Coconuts blinked. "He must think he's a baby owe something," he pondered, "Erm. uh hello, Chicky is it?"

The robot nodded playfully.

"Hi, I'm Coconuts... Youw new boss! Bow to me!"

Instead of bowing, the robot clung to the monkey's leg. "Momma!"

"GAH! No, I'm not youw momma!! I'm youw BOSS! RAAAGH, GET OFFA ME!!!" he kicked the robot off, and it rolled backwards like an egg would. He sat back up and giggled.

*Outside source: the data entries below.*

(* Let $(p,f)$ be an SCF-RT that is rationalizable within the class of Fechnerian RUM-CFs. Let $(x,y)\in C\setminus D$ and suppose there exists $z\in X$ with $(x,z),(y,z)\in D$. Then there is a number $\bar p(x,y)$ such that every Fechnerian RUM-CF rationalizing $(p,f)$ satisfies $G(y,x)(0)=\bar p(x,y)$. Moreover, if $p(x,z)\geq p(y,z)$, then $\bar p(x,y)=p(x,z)\,F(x,z)(\theta(y,z))$ if $p(y,z)>1/2$; $\bar p(x,y)=p(x,z)$ if $p(y,z)=1/2$; and $\bar p(x,y)=1-p(z,x)\,F(z,x)(\theta(z,y))$ if $p(y,z)<1/2$.
   Context: $X$ is a finite set of options; $C=\{(x,y): x,y\in X,\ x\neq y\}$; $D\subseteq C$ is a fixed non-empty set with $(x,y)\in D\Rightarrow (y,x)\in D$. An SCF $p$ assigns to each $(x,y)\in D$ a number $p(x,y)>0$ with $p(x,y)+p(y,x)=1$. An SCF-RT is a pair $(p,f)$ where $p$ is an SCF and $f$ assigns to each $(x,y)\in D$ a strictly positive density $f(x,y)$ on $\mathbb{R}^+$ with cdf $F(x,y)$. A RUM is a pair $(u,g)$ with $u:X\to\mathbb{R}$ and $g$ assigning to each $(x,y)\in C$ a density $g(x,y)$ on $\mathbb{R}$ (cdf $G(x,y)$) with $\int v\,g(x,y)(v)\,dv=u(x)-u(y)=:v(x,y)$, $g(x,y)(v)=g(y,x)(-v)$ for all $v$, and connected support. A RUM-CF is $(u,g,r)$ with $(u,g)$ a RUM and $r:\mathbb{R}^{++}\to\mathbb{R}^+$ continuous, strictly decreasing where $r(v)>0$, $\lim_{v\to0}r(v)=\infty$, $\lim_{v\to\infty}r(v)=0$; $r^{-1}(t)$ ($t>0$) is the inverse of $r$ restricted to $\{r>0\}$. It rationalizes $(p,f)$ if for all $(x,y)\in D$: $G(x,y)(0)=p(y,x)$ and $\frac{1-G(x,y)(r^{-1}(t))}{1-G(x,y)(0)}=F(x,y)(t)$ for all $t>0$. A RUM-CF is Fechnerian if there is a density $g$ on $\mathbb{R}$ with $g(\delta)=g(-\delta)>0$ for all $\delta\geq0$ such that $g(x,y)(v)=g(v-v(x,y))$ for all $(x,y)\in C$, $v\in\mathbb{R}$. For $(a,b)\in D$ with $p(a,b)>p(b,a)$, $\theta(a,b)>0$ is defined by $F(a,b)(\theta(a,b))=\frac{1}{2p(a,b)}$. *)

theory Defs
  imports "HOL-Analysis.Analysis"
begin

definition Cset :: "'a set \<Rightarrow> ('a \<times> 'a) set" where
  "Cset X = {(x, y). x \<in> X \<and> y \<in> X \<and> x \<noteq> y}"

definition domain_ok :: "'a set \<Rightarrow> ('a \<times> 'a) set \<Rightarrow> bool" where
  "domain_ok X D \<longleftrightarrow> finite X \<and> D \<subseteq> Cset X \<and> D \<noteq> {} \<and>
     (\<forall>x y. (x, y) \<in> D \<longrightarrow> (y, x) \<in> D)"

definition dens_pos :: "(real \<Rightarrow> real) \<Rightarrow> bool" where
  "dens_pos h \<longleftrightarrow> h \<in> borel_measurable lborel \<and> (\<forall>t>0. 0 < h t) \<and>
     set_integrable lborel {0<..} h \<and> (LINT t:{0<..}|lborel. h t) = 1"

definition cdf_pos :: "(real \<Rightarrow> real) \<Rightarrow> real \<Rightarrow> real" where
  "cdf_pos h t = (LINT s:{0<..t}|lborel. h s)"

definition dens_R :: "(real \<Rightarrow> real) \<Rightarrow> bool" where
  "dens_R h \<longleftrightarrow> h \<in> borel_measurable lborel \<and> (\<forall>v. 0 \<le> h v) \<and>
     integrable lborel h \<and> (\<integral>v. h v \<partial>lborel) = 1"

definition cdf_R :: "(real \<Rightarrow> real) \<Rightarrow> real \<Rightarrow> real" where
  "cdf_R h v = (LINT s:{..v}|lborel. h s)"

definition SCF :: "('a \<times> 'a) set \<Rightarrow> ('a \<Rightarrow> 'a \<Rightarrow> real) \<Rightarrow> bool" where
  "SCF D p \<longleftrightarrow> (\<forall>(x, y)\<in>D. 0 < p x y \<and> p x y + p y x = 1)"

definition SCF_RT :: "('a \<times> 'a) set \<Rightarrow> ('a \<Rightarrow> 'a \<Rightarrow> real) \<Rightarrow>
    ('a \<Rightarrow> 'a \<Rightarrow> real \<Rightarrow> real) \<Rightarrow> bool" where
  "SCF_RT D p f \<longleftrightarrow> SCF D p \<and> (\<forall>(x, y)\<in>D. dens_pos (f x y))"

definition RUM :: "'a set \<Rightarrow> ('a \<Rightarrow> real) \<Rightarrow> ('a \<Rightarrow> 'a \<Rightarrow> real \<Rightarrow> real) \<Rightarrow> bool" where
  "RUM X u g \<longleftrightarrow> (\<forall>(x, y)\<in>Cset X.
      dens_R (g x y) \<and>
      integrable lborel (\<lambda>v. v * g x y v) \<and>
      (\<integral>v. v * g x y v \<partial>lborel) = u x - u y \<and>
      (\<forall>v. g x y v = g y x (- v)) \<and>
      connected (closure {v. 0 < g x y v}))"

definition CF :: "(real \<Rightarrow> real) \<Rightarrow> bool" where
  "CF r \<longleftrightarrow> continuous_on {0<..} r \<and> (\<forall>v>0. 0 \<le> r v) \<and>
     (\<forall>v w. 0 < v \<longrightarrow> v < w \<longrightarrow> 0 < r v \<longrightarrow> 0 < r w \<longrightarrow> r w < r v) \<and>
     filterlim r at_top (at_right 0) \<and> (r \<longlongrightarrow> 0) at_top"

definition rinv :: "(real \<Rightarrow> real) \<Rightarrow> real \<Rightarrow> real" where
  "rinv r t = (THE v. 0 < v \<and> 0 < r v \<and> r v = t)"

definition RUM_CF :: "'a set \<Rightarrow> ('a \<Rightarrow> real) \<Rightarrow> ('a \<Rightarrow> 'a \<Rightarrow> real \<Rightarrow> real) \<Rightarrow>
    (real \<Rightarrow> real) \<Rightarrow> bool" where
  "RUM_CF X u g r \<longleftrightarrow> RUM X u g \<and> CF r"

definition rationalizes :: "'a set \<Rightarrow> ('a \<times> 'a) set \<Rightarrow> ('a \<Rightarrow> real) \<Rightarrow>
    ('a \<Rightarrow> 'a \<Rightarrow> real \<Rightarrow> real) \<Rightarrow> (real \<Rightarrow> real) \<Rightarrow>
    ('a \<Rightarrow> 'a \<Rightarrow> real) \<Rightarrow> ('a \<Rightarrow> 'a \<Rightarrow> real \<Rightarrow> real) \<Rightarrow> bool" where
  "rationalizes X D u g r p f \<longleftrightarrow> RUM_CF X u g r \<and>
     (\<forall>(x, y)\<in>D. cdf_R (g x y) 0 = p y x \<and>
        (\<forall>t>0. (1 - cdf_R (g x y) (rinv r t)) / (1 - cdf_R (g x y) 0)
               = cdf_pos (f x y) t))"

definition fechnerian :: "'a set \<Rightarrow> ('a \<Rightarrow> real) \<Rightarrow> ('a \<Rightarrow> 'a \<Rightarrow> real \<Rightarrow> real) \<Rightarrow> bool" where
  "fechnerian X u g \<longleftrightarrow> (\<exists>g0. dens_R g0 \<and> (\<forall>\<delta>\<ge>0. g0 \<delta> = g0 (- \<delta>) \<and> 0 < g0 \<delta>) \<and>
     (\<forall>(x, y)\<in>Cset X. \<forall>v. g x y v = g0 (v - (u x - u y))))"

definition theta :: "('a \<Rightarrow> 'a \<Rightarrow> real) \<Rightarrow> ('a \<Rightarrow> 'a \<Rightarrow> real \<Rightarrow> real) \<Rightarrow> 'a \<Rightarrow> 'a \<Rightarrow> real" where
  "theta p f a b = (THE t. 0 < t \<and> cdf_pos (f a b) t = 1 / (2 * p a b))"

end

theory Submission
  imports Defs
begin

(* In a Fechnerian model G(a,b)(w) = Phi (w - (u a - u b)), where Phi is the cdf of a symmetric,
   everywhere positive noise density. Hence p(a,b) = Phi (u a - u b), and the response-time condition
   reads Phi (u a - u b - r^-1 t) = p(a,b) F(a,b)(t). If p(a,b) > 1/2 then u a - u b > 0 and
   r (u a - u b) > 0: otherwise r takes every positive value on (0, u a - u b], which keeps F(a,b)
   above 1/(2 p(a,b)) near 0. Taking t = r (u a - u b) then gives theta(a,b) = r (u a - u b).
   Since u x - u y = (u x - u z) - (u y - u z), the value G(y,x)(0) = Phi (u x - u y) is read off
   the response times at (x,z) when p(y,z) > 1/2, equals p(x,z) when p(y,z) = 1/2, and is read off
   the response times at (z,x), using the symmetry of Phi, when p(y,z) < 1/2. *)

lemma cdf_R_shift: "cdf_R (\<lambda>v. h (v - c)) w = cdf_R h (w - c)"
  unfolding cdf_R_def set_lebesgue_integral_def
  by (subst lborel_integral_real_affine[where c=1 and t=c])
     (auto intro!: Bochner_Integration.integral_cong split: split_indicator)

"No! No jokes!" Coconuts shouted, throwing a plunger at Chicky, "As youw new boss, I demand you scwub ALL the toilets in the fowtwess right NOW! Now now now NOW!!!"

Chicky instead pouted. "No scrub!"

"Yes scrub! I command you... OW ELSE!!!"

Chicky rasberried Coconuts, turn tailed, and ran off. "Hey! WHEWE DO YA THINK YEW GOIN'?! Those toilets awen't even cleaned!!!"

The little robot was long gone though... Coconuts only grumbled, and turned away. "Bah!! Who needs him anyway...? GYAAAH!!!!" Coconuts screamed, upon seeing a picture of Robotnik... hugging his top hat. "Uh oh... He actaully DOES like that hat... If Wobotnik sees I used it to make that stupid wobot, I'm a DEAD monkey! Yup yup yup, gotta go gotta go!!!" He sped off out of the fortress in search of Chicky. "Gotta get that hat back! Gotta get it back, gotta get it back!!! Before Wobotnik COMES back!!"